National Water Model
The National Water Model (NWM) is a new tool that simulates and forecasts how water moves throughout the nation’s rivers and streams. Running on NOAA’s powerful Cray XC40 supercomputer, the NWM uses data from more than 8,000 U.S. Geological Survey gauges to simulate conditions for 2.7 million locations in the contiguous United States. The model generates hourly forecasts for the entire river network including high-resolution forecasts of soil moisture, surface runoff, snow water equivalent, and other parameters.
The NWM runs in four configurations:
- Analysis and assimilation provides a snapshot of current hydrologic conditions
- Short-Range produces hourly forecasts of streamflow and hydrologic states out to 15 hours
- Medium-Range produces 3-hourly forecasts out to 10 days
- Long-Range generates 30-day ensemble forecasts.
The NWM improves the National Weather Service’s ability to deliver impact-based decision support services nationwide by providing “street level” water information and guidance (e.g., flood maps), as well as serve as the foundation for additional private sector water services. Initially, the model will benefit flash flood forecasts in headwater areas and provide water forecast information for many areas that have not been covered. As the model evolves, it will expand to include water quality forecasts. The NWM also improves NOAA’s ability to meet the needs of its stakeholders (e.g., emergency managers, reservoir operators, floodplain managers, farmers, etc.) with more accurate, detailed, frequent and expanded water information.

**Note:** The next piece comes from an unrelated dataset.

(* Let $p\in(0,\infty)$ and let $f:\mathcal{W}_p(\mathcal{X})\to\mathcal{W}_p(\mathcal{X})$ be an isometric embedding, i.e. $W_p(f(\mu),f(\nu))=W_p(\mu,\nu)$ for all $\mu,\nu\in\mathcal{P}(\mathcal{X})$. Then there exists a unique family of measures $\Phi=(\varphi_{x,t})_{x\in\mathcal{X},\,t\in(0,1]}\in\mathcal{M}(\mathcal{X})^{\mathcal{X}\times(0,1]}$ satisfying (a) for all $x\neq y$: $S_{\varphi_{x,1}}\cap S_{\varphi_{y,1}}=\emptyset$; (b) for all $x\in\mathcal{X}$ and $0<t\le 1$: $\varphi_{x,t}(\mathcal{X})=t$; (c) for all $x\in\mathcal{X}$ and $0<s<t\le 1$: $\varphi_{x,s}\le\varphi_{x,t}$; and generating $f$ via $$f(\mu)=\sum_{x\in S_\mu}\varphi_{x,\mu(\{x\})}\qquad\text{for all }\mu\in\mathcal{P}(\mathcal{X}).$$ Conversely, every $\mathcal{X}\times(0,1]$-indexed family of measures in $\mathcal{M}(\mathcal{X})$ satisfying (a)–(c) generates an isometric embedding of $\mathcal{W}_p(\mathcal{X})$ via the formula $f(\mu)=\sum_{x\in S_\mu}\varphi_{x,\mu(\{x\})}$.
   Context: Let $X$ be a countable set with at least two elements, equipped with the discrete metric $\rho$ ($\rho(x,y)=1$ if $x\neq y$, $\rho(x,x)=0$); write $\mathcal{X}=(X,\rho)$. $\mathcal{P}(\mathcal{X})$ and $\mathcal{M}(\mathcal{X})$ denote the probability measures and nonnegative finite measures on the power set of $\mathcal{X}$. For $\mu\in\mathcal{M}(\mathcal{X})$, $S_\mu=\{x\in\mathcal{X}:\mu(\{x\})>0\}$ is its support. For measures, $\alpha\le\beta$ means $\alpha(A)\le\beta(A)$ for all $A\subseteq\mathcal{X}$. For $\mu,\nu\in\mathcal{P}(\mathcal{X})$, a coupling is a probability measure $\pi$ on $\mathcal{X}^2$ with marginals $\mu,\nu$, and $W_p(\mu,\nu)=\big(\inf_\pi\int\rho^p\,d\pi\big)^{1/p}$ for $p\ge1$, $W_p(\mu,\nu)=\inf_\pi\int\rho^p\,d\pi$ for $0<p<1$. $\mathcal{W}_p(\mathcal{X})$ is the metric space $(\mathcal{P}(\mathcal{X}),W_p)$. An isometric embedding is a (not necessarily surjective) distance-preserving self-map of $\mathcal{W}_p(\mathcal{X})$. *)

theory Defs
  imports "HOL-Probability.Probability"
begin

The NWM is a cornerstone of the new NOAA Water Initiative, designed to provide more closely integrated water predictive capabilities to promote resilience to water risks. NOAA is seeking to establish an Integrated Water Prediction effort to deliver a suite of more holistic water intelligence products to help communities and industries make better-informed decisions about water management and how to prepare for and respond to extreme water events.